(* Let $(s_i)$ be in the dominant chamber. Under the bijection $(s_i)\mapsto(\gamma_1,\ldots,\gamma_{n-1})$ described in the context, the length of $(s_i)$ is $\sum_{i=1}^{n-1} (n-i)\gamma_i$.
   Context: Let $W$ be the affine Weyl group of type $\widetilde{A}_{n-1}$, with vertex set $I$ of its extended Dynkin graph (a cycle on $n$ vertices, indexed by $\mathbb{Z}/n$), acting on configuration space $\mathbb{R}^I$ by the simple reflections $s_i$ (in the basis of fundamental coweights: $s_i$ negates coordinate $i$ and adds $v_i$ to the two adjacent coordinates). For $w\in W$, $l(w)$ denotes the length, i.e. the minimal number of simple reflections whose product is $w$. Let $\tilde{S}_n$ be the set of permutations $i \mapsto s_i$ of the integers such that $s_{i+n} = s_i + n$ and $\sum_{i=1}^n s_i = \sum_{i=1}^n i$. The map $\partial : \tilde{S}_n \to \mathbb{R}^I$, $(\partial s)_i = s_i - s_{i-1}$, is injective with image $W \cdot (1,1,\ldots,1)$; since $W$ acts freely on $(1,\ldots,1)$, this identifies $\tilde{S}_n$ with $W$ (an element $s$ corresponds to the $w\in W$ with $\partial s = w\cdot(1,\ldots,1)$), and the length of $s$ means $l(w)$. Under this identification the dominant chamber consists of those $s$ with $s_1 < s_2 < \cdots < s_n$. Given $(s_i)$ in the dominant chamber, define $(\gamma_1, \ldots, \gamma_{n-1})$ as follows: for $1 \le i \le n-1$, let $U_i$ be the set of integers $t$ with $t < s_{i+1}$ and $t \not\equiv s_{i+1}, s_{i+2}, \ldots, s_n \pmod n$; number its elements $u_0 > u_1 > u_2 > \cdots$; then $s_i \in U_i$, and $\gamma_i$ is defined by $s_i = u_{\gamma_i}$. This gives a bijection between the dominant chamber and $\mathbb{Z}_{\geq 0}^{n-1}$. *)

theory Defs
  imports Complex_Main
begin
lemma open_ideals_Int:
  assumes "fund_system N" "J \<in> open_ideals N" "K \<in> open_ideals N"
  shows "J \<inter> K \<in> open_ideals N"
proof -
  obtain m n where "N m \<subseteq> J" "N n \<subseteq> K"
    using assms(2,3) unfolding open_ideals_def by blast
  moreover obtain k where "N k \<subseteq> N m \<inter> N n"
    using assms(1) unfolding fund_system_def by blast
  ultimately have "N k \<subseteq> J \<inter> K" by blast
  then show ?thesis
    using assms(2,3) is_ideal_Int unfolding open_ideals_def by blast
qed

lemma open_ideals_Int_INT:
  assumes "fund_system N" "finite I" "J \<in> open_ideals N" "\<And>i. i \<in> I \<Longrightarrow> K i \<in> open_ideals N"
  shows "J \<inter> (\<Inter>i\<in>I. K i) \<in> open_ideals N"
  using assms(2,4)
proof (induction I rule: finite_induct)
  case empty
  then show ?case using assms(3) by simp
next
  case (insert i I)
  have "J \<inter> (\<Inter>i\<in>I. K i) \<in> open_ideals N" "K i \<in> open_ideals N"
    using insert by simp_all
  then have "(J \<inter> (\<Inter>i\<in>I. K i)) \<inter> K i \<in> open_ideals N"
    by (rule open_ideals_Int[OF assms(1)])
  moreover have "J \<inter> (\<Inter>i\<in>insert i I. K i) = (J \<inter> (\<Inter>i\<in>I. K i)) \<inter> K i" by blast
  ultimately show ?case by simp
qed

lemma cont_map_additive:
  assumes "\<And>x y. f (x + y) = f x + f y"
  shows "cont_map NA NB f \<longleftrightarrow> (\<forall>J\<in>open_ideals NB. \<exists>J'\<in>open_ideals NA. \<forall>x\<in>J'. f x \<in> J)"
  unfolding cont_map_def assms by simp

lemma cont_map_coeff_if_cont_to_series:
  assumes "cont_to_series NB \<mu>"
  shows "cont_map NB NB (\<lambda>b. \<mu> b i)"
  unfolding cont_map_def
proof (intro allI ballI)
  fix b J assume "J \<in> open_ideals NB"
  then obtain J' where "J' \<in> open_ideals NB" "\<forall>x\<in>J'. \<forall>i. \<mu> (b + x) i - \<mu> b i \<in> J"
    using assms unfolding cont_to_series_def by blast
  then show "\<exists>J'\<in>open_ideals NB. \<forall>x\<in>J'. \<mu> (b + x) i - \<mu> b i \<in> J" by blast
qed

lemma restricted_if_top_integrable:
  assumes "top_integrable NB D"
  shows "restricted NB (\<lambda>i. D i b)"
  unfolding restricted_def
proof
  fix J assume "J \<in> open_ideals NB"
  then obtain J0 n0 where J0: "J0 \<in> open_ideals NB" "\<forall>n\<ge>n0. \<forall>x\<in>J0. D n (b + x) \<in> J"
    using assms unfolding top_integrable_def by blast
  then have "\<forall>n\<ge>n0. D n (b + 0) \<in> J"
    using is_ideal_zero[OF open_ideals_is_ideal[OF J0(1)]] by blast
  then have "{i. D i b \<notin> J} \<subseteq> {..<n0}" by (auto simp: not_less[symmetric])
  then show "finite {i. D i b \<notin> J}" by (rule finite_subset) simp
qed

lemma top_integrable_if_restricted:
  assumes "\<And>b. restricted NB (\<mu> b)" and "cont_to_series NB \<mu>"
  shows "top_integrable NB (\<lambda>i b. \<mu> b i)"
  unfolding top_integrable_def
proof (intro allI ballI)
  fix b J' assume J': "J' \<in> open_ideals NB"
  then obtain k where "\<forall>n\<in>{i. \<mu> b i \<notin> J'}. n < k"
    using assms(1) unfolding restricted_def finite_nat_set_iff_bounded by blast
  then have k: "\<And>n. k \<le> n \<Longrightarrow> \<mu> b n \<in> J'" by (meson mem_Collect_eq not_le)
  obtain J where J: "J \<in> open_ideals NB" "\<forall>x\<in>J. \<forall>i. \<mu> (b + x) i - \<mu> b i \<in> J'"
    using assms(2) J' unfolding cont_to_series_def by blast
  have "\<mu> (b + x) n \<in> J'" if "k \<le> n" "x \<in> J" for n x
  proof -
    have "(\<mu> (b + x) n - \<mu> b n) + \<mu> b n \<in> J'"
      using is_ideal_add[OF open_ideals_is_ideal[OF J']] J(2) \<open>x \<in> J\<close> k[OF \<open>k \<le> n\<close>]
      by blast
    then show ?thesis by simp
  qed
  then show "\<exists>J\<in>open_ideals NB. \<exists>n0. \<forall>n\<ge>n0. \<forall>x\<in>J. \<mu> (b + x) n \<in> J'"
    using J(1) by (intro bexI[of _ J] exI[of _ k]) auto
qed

> [WHAT THE TASK REQUIRES]: The complete listing, unchanged, is the expected answer.

> [RESPONSE BELOW]:
(* Let $(s_i)$ be in the dominant chamber. Under the bijection $(s_i)\mapsto(\gamma_1,\ldots,\gamma_{n-1})$ described in the context, the length of $(s_i)$ is $\sum_{i=1}^{n-1} (n-i)\gamma_i$.
   Context: Let $W$ be the affine Weyl group of type $\widetilde{A}_{n-1}$, with vertex set $I$ of its extended Dynkin graph (a cycle on $n$ vertices, indexed by $\mathbb{Z}/n$), acting on configuration space $\mathbb{R}^I$ by the simple reflections $s_i$ (in the basis of fundamental coweights: $s_i$ negates coordinate $i$ and adds $v_i$ to the two adjacent coordinates). For $w\in W$, $l(w)$ denotes the length, i.e. the minimal number of simple reflections whose product is $w$. Let $\tilde{S}_n$ be the set of permutations $i \mapsto s_i$ of the integers such that $s_{i+n} = s_i + n$ and $\sum_{i=1}^n s_i = \sum_{i=1}^n i$. The map $\partial : \tilde{S}_n \to \mathbb{R}^I$, $(\partial s)_i = s_i - s_{i-1}$, is injective with image $W \cdot (1,1,\ldots,1)$; since $W$ acts freely on $(1,\ldots,1)$, this identifies $\tilde{S}_n$ with $W$ (an element $s$ corresponds to the $w\in W$ with $\partial s = w\cdot(1,\ldots,1)$), and the length of $s$ means $l(w)$. Under this identification the dominant chamber consists of those $s$ with $s_1 < s_2 < \cdots < s_n$. Given $(s_i)$ in the dominant chamber, define $(\gamma_1, \ldots, \gamma_{n-1})$ as follows: for $1 \le i \le n-1$, let $U_i$ be the set of integers $t$ with $t < s_{i+1}$ and $t \not\equiv s_{i+1}, s_{i+2}, \ldots, s_n \pmod n$; number its elements $u_0 > u_1 > u_2 > \cdots$; then $s_i \in U_i$, and $\gamma_i$ is defined by $s_i = u_{\gamma_i}$. This gives a bijection between the dominant chamber and $\mathbb{Z}_{\geq 0}^{n-1}$. *)

theory Defs
  imports Complex_Main
begin
lemma open_ideals_Int:
  assumes "fund_system N" "J \<in> open_ideals N" "K \<in> open_ideals N"
  shows "J \<inter> K \<in> open_ideals N"
proof -
  obtain m n where "N m \<subseteq> J" "N n \<subseteq> K"
    using assms(2,3) unfolding open_ideals_def by blast
  moreover obtain k where "N k \<subseteq> N m \<inter> N n"
    using assms(1) unfolding fund_system_def by blast
  ultimately have "N k \<subseteq> J \<inter> K" by blast
  then show ?thesis
    using assms(2,3) is_ideal_Int unfolding open_ideals_def by blast
qed

lemma open_ideals_Int_INT:
  assumes "fund_system N" "finite I" "J \<in> open_ideals N" "\<And>i. i \<in> I \<Longrightarrow> K i \<in> open_ideals N"
  shows "J \<inter> (\<Inter>i\<in>I. K i) \<in> open_ideals N"
  using assms(2,4)
proof (induction I rule: finite_induct)
  case empty
  then show ?case using assms(3) by simp
next
  case (insert i I)
  have "J \<inter> (\<Inter>i\<in>I. K i) \<in> open_ideals N" "K i \<in> open_ideals N"
    using insert by simp_all
  then have "(J \<inter> (\<Inter>i\<in>I. K i)) \<inter> K i \<in> open_ideals N"
    by (rule open_ideals_Int[OF assms(1)])
  moreover have "J \<inter> (\<Inter>i\<in>insert i I. K i) = (J \<inter> (\<Inter>i\<in>I. K i)) \<inter> K i" by blast
  ultimately show ?case by simp
qed

lemma cont_map_additive:
  assumes "\<And>x y. f (x + y) = f x + f y"
  shows "cont_map NA NB f \<longleftrightarrow> (\<forall>J\<in>open_ideals NB. \<exists>J'\<in>open_ideals NA. \<forall>x\<in>J'. f x \<in> J)"
  unfolding cont_map_def assms by simp

lemma cont_map_coeff_if_cont_to_series:
  assumes "cont_to_series NB \<mu>"
  shows "cont_map NB NB (\<lambda>b. \<mu> b i)"
  unfolding cont_map_def
proof (intro allI ballI)
  fix b J assume "J \<in> open_ideals NB"
  then obtain J' where "J' \<in> open_ideals NB" "\<forall>x\<in>J'. \<forall>i. \<mu> (b + x) i - \<mu> b i \<in> J"
    using assms unfolding cont_to_series_def by blast
  then show "\<exists>J'\<in>open_ideals NB. \<forall>x\<in>J'. \<mu> (b + x) i - \<mu> b i \<in> J" by blast
qed

lemma restricted_if_top_integrable:
  assumes "top_integrable NB D"
  shows "restricted NB (\<lambda>i. D i b)"
  unfolding restricted_def
proof
  fix J assume "J \<in> open_ideals NB"
  then obtain J0 n0 where J0: "J0 \<in> open_ideals NB" "\<forall>n\<ge>n0. \<forall>x\<in>J0. D n (b + x) \<in> J"
    using assms unfolding top_integrable_def by blast
  then have "\<forall>n\<ge>n0. D n (b + 0) \<in> J"
    using is_ideal_zero[OF open_ideals_is_ideal[OF J0(1)]] by blast
  then have "{i. D i b \<notin> J} \<subseteq> {..<n0}" by (auto simp: not_less[symmetric])
  then show "finite {i. D i b \<notin> J}" by (rule finite_subset) simp
qed

lemma top_integrable_if_restricted:
  assumes "\<And>b. restricted NB (\<mu> b)" and "cont_to_series NB \<mu>"
  shows "top_integrable NB (\<lambda>i b. \<mu> b i)"
  unfolding top_integrable_def
proof (intro allI ballI)
  fix b J' assume J': "J' \<in> open_ideals NB"
  then obtain k where "\<forall>n\<in>{i. \<mu> b i \<notin> J'}. n < k"
    using assms(1) unfolding restricted_def finite_nat_set_iff_bounded by blast
  then have k: "\<And>n. k \<le> n \<Longrightarrow> \<mu> b n \<in> J'" by (meson mem_Collect_eq not_le)
  obtain J where J: "J \<in> open_ideals NB" "\<forall>x\<in>J. \<forall>i. \<mu> (b + x) i - \<mu> b i \<in> J'"
    using assms(2) J' unfolding cont_to_series_def by blast
  have "\<mu> (b + x) n \<in> J'" if "k \<le> n" "x \<in> J" for n x
  proof -
    have "(\<mu> (b + x) n - \<mu> b n) + \<mu> b n \<in> J'"
      using is_ideal_add[OF open_ideals_is_ideal[OF J']] J(2) \<open>x \<in> J\<close> k[OF \<open>k \<le> n\<close>]
      by blast
    then show ?thesis by simp
  qed
  then show "\<exists>J\<in>open_ideals NB. \<exists>n0. \<forall>n\<ge>n0. \<forall>x\<in>J. \<mu> (b + x) n \<in> J'"
    using J(1) by (intro bexI[of _ J] exI[of _ k]) auto
qed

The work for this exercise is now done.